### REQUIREMENT:
Of all the entries below, retype only the lines from the one with "(Suc n) \<le>" through the one with "k \<longlonglongrightarrow> 1", exactly as they appear.

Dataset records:
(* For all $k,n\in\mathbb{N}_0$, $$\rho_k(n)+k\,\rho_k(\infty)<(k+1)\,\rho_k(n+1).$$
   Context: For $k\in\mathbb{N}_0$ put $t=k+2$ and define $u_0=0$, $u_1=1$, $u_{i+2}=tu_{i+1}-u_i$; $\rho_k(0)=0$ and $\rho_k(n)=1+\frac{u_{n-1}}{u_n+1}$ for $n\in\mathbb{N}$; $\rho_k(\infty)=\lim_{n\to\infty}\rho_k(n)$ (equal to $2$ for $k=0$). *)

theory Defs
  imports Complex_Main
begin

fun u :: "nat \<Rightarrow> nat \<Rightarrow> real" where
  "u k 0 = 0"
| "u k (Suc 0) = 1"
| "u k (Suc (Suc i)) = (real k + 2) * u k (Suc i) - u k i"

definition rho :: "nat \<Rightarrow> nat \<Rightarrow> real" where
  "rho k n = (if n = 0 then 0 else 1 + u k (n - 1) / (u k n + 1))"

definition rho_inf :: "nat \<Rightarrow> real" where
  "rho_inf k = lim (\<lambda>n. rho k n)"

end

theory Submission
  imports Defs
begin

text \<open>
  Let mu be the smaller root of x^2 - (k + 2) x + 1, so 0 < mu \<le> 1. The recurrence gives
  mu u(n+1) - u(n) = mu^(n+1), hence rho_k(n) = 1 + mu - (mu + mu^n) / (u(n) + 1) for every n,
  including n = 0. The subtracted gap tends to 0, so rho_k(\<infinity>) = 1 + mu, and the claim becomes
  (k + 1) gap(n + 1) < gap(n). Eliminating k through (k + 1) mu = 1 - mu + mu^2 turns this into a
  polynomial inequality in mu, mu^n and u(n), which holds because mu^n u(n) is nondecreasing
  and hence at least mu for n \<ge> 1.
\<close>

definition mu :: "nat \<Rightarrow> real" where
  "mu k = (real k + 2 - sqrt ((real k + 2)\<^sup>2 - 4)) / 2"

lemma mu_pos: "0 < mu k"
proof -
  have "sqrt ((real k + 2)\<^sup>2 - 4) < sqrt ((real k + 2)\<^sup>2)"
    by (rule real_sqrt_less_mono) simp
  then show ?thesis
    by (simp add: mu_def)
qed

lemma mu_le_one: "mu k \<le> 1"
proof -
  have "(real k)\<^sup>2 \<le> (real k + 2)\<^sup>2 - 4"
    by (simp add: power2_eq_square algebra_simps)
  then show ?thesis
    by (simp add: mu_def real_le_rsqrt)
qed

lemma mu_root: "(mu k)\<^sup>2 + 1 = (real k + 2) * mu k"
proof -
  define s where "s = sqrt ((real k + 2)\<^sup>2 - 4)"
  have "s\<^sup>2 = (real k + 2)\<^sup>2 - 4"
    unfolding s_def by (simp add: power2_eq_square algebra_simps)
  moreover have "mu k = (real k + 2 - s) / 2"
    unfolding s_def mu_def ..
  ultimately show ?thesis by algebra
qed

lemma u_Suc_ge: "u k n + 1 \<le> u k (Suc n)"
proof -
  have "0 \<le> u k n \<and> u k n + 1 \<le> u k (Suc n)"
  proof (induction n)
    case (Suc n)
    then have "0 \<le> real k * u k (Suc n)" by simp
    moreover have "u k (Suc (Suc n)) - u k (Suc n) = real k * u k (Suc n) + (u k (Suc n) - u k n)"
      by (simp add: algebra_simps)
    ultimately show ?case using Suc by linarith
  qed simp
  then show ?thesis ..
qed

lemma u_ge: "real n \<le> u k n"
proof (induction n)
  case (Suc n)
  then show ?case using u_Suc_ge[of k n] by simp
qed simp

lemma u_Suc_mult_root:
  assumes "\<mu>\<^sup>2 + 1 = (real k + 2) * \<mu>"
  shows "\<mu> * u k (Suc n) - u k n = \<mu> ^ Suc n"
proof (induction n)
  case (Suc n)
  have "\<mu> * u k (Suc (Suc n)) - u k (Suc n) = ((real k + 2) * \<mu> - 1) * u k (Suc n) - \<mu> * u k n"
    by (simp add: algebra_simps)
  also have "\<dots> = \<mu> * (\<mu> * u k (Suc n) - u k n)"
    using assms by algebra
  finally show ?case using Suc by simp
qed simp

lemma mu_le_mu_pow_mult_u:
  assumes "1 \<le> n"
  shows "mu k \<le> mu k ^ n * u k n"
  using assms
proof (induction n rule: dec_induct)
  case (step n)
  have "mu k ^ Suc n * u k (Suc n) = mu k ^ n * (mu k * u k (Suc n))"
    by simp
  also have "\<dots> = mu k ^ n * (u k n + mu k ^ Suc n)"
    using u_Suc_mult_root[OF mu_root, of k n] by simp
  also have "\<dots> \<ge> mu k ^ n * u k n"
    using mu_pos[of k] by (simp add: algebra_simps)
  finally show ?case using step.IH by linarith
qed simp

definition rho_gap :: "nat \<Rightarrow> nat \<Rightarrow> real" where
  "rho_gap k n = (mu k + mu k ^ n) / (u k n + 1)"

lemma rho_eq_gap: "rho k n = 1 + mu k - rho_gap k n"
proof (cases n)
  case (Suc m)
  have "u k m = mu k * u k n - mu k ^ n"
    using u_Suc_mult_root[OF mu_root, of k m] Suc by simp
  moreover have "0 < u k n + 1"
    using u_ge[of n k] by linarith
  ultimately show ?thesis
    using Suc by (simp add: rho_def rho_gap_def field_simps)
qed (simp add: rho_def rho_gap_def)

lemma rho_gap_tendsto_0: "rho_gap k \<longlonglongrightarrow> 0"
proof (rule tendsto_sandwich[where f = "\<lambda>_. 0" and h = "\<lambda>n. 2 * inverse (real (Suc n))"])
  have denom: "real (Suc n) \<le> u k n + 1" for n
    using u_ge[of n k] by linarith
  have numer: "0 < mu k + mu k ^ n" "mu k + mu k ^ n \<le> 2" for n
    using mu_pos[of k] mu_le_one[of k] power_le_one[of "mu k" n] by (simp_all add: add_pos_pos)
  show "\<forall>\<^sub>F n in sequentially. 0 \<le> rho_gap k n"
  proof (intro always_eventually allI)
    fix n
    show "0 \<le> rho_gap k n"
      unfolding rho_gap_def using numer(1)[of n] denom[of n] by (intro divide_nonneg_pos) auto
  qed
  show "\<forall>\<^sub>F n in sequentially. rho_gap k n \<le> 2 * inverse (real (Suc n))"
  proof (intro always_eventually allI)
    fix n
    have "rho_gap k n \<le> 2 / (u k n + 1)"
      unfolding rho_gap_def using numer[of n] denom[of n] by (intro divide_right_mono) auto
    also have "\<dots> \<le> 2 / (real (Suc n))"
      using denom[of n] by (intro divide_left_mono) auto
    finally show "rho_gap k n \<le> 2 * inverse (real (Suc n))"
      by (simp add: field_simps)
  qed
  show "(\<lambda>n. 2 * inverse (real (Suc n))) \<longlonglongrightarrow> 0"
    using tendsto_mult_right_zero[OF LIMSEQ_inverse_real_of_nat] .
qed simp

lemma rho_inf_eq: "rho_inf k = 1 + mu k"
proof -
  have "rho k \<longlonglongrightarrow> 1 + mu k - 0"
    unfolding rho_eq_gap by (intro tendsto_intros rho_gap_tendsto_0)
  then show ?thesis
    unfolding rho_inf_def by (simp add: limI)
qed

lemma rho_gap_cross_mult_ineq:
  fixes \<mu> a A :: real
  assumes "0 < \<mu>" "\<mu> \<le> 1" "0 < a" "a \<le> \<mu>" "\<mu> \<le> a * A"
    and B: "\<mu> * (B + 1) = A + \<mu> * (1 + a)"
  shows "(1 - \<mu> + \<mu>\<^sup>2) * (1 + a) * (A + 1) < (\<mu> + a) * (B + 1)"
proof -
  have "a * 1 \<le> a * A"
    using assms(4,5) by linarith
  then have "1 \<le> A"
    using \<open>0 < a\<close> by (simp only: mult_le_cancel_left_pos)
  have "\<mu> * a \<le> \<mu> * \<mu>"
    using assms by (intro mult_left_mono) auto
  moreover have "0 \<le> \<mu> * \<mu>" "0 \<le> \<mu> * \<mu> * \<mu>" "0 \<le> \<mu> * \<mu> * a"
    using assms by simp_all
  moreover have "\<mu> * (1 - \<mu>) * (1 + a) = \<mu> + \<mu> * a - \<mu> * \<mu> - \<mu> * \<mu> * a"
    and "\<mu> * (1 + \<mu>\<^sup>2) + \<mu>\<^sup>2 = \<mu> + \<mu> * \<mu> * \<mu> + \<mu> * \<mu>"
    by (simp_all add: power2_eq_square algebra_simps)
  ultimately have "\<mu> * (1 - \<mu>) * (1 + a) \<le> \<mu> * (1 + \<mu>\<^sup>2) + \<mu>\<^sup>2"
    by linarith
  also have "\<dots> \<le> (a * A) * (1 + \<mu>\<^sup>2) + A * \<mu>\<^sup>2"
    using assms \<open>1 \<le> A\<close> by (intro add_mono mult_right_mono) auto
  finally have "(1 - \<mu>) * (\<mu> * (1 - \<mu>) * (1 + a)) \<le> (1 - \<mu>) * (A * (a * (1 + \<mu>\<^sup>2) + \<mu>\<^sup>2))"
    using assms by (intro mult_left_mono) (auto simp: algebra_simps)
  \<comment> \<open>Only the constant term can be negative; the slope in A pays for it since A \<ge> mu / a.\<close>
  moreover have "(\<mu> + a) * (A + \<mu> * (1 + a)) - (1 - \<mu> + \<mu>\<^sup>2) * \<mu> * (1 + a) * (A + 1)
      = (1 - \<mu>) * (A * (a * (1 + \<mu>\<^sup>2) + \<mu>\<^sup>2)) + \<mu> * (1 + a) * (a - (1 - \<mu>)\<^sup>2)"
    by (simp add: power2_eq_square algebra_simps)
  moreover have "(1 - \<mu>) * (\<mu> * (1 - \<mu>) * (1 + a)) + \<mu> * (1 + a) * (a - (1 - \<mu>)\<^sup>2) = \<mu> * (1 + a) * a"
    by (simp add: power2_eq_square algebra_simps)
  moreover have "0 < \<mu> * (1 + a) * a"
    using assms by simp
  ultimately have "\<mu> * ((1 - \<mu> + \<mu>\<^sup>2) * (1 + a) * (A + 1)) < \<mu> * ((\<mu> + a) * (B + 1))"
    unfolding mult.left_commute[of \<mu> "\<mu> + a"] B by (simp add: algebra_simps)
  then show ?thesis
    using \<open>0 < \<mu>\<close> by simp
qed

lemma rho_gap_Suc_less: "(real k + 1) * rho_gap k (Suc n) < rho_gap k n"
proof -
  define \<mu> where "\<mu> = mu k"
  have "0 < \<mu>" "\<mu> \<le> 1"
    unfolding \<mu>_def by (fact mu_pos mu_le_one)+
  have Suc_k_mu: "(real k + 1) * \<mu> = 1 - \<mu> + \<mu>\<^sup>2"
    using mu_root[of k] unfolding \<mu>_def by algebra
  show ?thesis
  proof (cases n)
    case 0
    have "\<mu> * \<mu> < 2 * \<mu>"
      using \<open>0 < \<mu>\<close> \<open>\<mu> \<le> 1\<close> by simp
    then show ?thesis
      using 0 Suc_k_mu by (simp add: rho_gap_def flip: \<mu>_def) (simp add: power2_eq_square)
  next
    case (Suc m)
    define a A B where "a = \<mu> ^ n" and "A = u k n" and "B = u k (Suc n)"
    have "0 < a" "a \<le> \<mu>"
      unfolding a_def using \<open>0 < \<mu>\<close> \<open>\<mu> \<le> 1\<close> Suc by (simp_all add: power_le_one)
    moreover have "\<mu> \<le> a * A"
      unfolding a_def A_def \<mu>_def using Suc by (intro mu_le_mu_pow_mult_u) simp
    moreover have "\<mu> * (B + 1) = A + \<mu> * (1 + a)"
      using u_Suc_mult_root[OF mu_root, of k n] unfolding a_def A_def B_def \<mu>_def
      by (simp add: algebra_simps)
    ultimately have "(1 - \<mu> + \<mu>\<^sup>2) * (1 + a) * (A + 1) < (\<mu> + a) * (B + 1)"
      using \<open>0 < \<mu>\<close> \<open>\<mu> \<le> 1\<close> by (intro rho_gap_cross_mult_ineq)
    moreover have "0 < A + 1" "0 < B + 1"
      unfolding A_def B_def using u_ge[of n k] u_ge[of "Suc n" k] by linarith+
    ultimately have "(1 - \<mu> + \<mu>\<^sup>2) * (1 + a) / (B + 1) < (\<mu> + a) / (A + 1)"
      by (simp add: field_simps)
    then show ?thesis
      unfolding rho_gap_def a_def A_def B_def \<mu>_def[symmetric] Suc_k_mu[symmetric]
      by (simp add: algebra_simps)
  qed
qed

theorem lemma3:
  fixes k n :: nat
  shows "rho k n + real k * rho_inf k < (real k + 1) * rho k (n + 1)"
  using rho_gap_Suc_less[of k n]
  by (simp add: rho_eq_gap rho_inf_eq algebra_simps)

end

### COMPLETED EXERCISE:
  have denom: "real (Suc n) \<le> u k n + 1" for n
    using u_ge[of n k] by linarith
  have numer: "0 < mu k + mu k ^ n" "mu k + mu k ^ n \<le> 2" for n
    using mu_pos[of k] mu_le_one[of k] power_le_one[of "mu k" n] by (simp_all add: add_pos_pos)
  show "\<forall>\<^sub>F n in sequentially. 0 \<le> rho_gap k n"
  proof (intro always_eventually allI)
    fix n
    show "0 \<le> rho_gap k n"
      unfolding rho_gap_def using numer(1)[of n] denom[of n] by (intro divide_nonneg_pos) auto
  qed
  show "\<forall>\<^sub>F n in sequentially. rho_gap k n \<le> 2 * inverse (real (Suc n))"
  proof (intro always_eventually allI)
    fix n
    have "rho_gap k n \<le> 2 / (u k n + 1)"
      unfolding rho_gap_def using numer[of n] denom[of n] by (intro divide_right_mono) auto
    also have "\<dots> \<le> 2 / (real (Suc n))"
      using denom[of n] by (intro divide_left_mono) auto
    finally show "rho_gap k n \<le> 2 * inverse (real (Suc n))"
      by (simp add: field_simps)
  qed
  show "(\<lambda>n. 2 * inverse (real (Suc n))) \<longlonglongrightarrow> 0"
    using tendsto_mult_right_zero[OF LIMSEQ_inverse_real_of_nat] .
qed simp

lemma rho_inf_eq: "rho_inf k = 1 + mu k"
proof -
  have "rho k \<longlonglongrightarrow> 1 + mu k - 0"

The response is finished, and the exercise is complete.